Это мой дворянский долг, к которому призывает не только Великая княгиня
Елена Павловна, но и мое сердце. - Долг? Прежде всего Ваш долг это почитание отца и
матери. Супруга, которого они Вам выберут. И воспитание детей. Вот
первостепенный долг женщины. И дворянки! К слову, одобряют ли Ваши
родители это решение? - Мои родители, отец Иоанн, как Вам известно, истинно
благородные люди! - дерзко вздернув подбородок, отчеканила Настя. - Всю
свою жизнь они верой и правдой служат России. И именно им мы с братом
должны быть благодарны за...
- Настенька, - ласково улыбнувшись юной княжне, прервал ее
страстную тираду священник. - Я восхищаюсь Вашим мужеством и желанием
помочь страждущим, я вижу решение Ваше твердо, и отговорить Вас мне не
под силу... Да и не в праве я. Поэтому объясните цель Вашего визита ко
мне? Благословить Вас на святое дело? Я благословляю...
- Так помогите мне! Я решилась. Да! Но как мне претворить это решение в жизнь? С чего начать?
Отец Иоанн задумчиво потер переносицу.
- Дитя мое, если Вам так будет угодно, я могу написать
сопроводительное письмо, которое Вы предоставите в Крестовоздвиженской
общине сестер милосердия, - не слишком уверенно предложил он после
продолжительного молчания и, встретив благодарный взгляд юной княжны,
мягко улыбнулся. - Да, так и поступим. Так и следует поступить.
- Ну, сестренка, ты даешь... - удивленно присвистнул Митя,
услышав о намерении Насти, и тут же саркастически скривил губы. -
Дворянская честь, достоинство, родительское благословение... А сама-то
как запела, едва узнала, что Потоцкий в Севастополе. Сразу же позабыла
о девичьей гордости и собралась бежать вслед за ним, как собачонка.
Думаешь, он вдруг воспылает к тебе неземной страстью? Брось,
сестренка...
Настя побледнела, оскорбленная словами брата. Отвела взгляд и тихо, но твердо заговорила.

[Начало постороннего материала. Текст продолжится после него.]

theorem lemma6:
  fixes alpha rho_r rho_d rho_s rho_0 T R1 R2 :: real
  assumes "alpha > 1" and "rho_r > 0" and "rho_d > 0" and "rho_s > 0" and "rho_0 > 0"
    and "T > 1"
    and "Kmax rho_r rho_d rho_0 T > 10"
    and "0 < R1" and "R1 < R2" and "R2 < Rmax alpha rho_r rho_d rho_0 T"
    and "rho_r < alpha / (1 + rho_d / rho_r)^2 * (g R1)^2 / R1"
    and "rho_r < alpha / (1 + rho_d / rho_r)^2 * (g R2)^2 / R2"
  shows "zeta'_csi R1 alpha rho_r rho_d rho_s rho_0 T < zeta'_csi R2 alpha rho_r rho_d rho_s rho_0 T"
proof -
  define Km where "Km = Kmax rho_r rho_d rho_0 T"
  define c where "c = cTheta alpha rho_r rho_d rho_0 T"
  have pos: "alpha > 0" "rho_r > 0" "rho_d > 0" "rho_s > 0" "Km \<ge> 1"
    using assms by (simp_all add: Km_def)
  have "c > 0" and psi_c: "psi (c * ln 2) = (1 + rho_d / rho_r) * sqrt (Km * rho_r / alpha)"
    using cTheta_pos_psi[of alpha rho_r rho_d rho_0 T] pos by (simp_all add: c_def Km_def)
  have "R2 * ln 2 / Km < c * ln 2"
    using assms(10) pos by (simp add: Rmax_def c_def Km_def field_simps)
  then have psi_R2: "psi (R2 * ln 2 / Km) \<le> (1 + rho_d / rho_r) * sqrt (Km * rho_r / alpha)"
    unfolding psi_c[symmetric] using assms pos \<open>c > 0\<close>
    by (intro less_imp_le strict_mono_onD[OF psi_strict_mono_on]) auto
  obtain K1 where "1 \<le> K1" "K1 \<le> Km"
    and zeta1: "zeta'_csi R1 alpha rho_r rho_d rho_s rho_0 T = zeta_opt K1 R1 alpha rho_r rho_d rho_s"
    using zeta'_csi_attained[OF pos(1-4) assms(8) pos(5)[unfolded Km_def], folded Km_def] by blast
  then obtain K2 where "1 \<le> K2" "K2 \<le> Km"
    and "zeta_opt K1 R1 alpha rho_r rho_d rho_s < zeta_opt K2 R2 alpha rho_r rho_d rho_s"
    using exists_zeta_opt_gt[OF pos(1-4) _ _ assms(8,9) psi_R2] by blast
  moreover obtain K0
    where "zeta'_csi R2 alpha rho_r rho_d rho_s rho_0 T = zeta_opt K0 R2 alpha rho_r rho_d rho_s"
      and "\<And>K. 1 \<le> K \<Longrightarrow> K \<le> Km \<Longrightarrow> zeta_opt K R2 alpha rho_r rho_d rho_s \<le> zeta_opt K0 R2 alpha rho_r rho_d rho_s"
    using zeta'_csi_attained[OF pos(1-4) _ pos(5)[unfolded Km_def], of R2, folded Km_def] assms by auto
  ultimately show ?thesis
    using zeta1 by fastforce
qed

end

- Митенька, мне горестно и стыдно, коли ты видишь за моим
желанием помогать раненым лишь безнравственность? Поверь, мне и
подумать страшно, что я могла бы опозорить наш род грехопадением и
попыткой навязать свое общество мужчине... - Не просто мужчине, а твоему несостоявшемуся жениху, - едко ухмыльнулся Митя. - О котором ты еще вчера...
- Вот именно, несостоявшемуся, - отчеканила Настя. -
Насильно мил не будешь. И я молю Господа, чтобы мне не довелось
повстречать Евгения в Севастополе... Молю, чтобы вражеские снаряды
обходили его стороной, чтобы он остался жив и невредим. Но коли
случится так, что потребуется перевязать ему раны, я исполню долг и не
посрамлю честь благородной фамилии Оболенских-Северских. - Ах как высокопарно...
- Понимай, как знаешь. Но от своего решения я не отступлю!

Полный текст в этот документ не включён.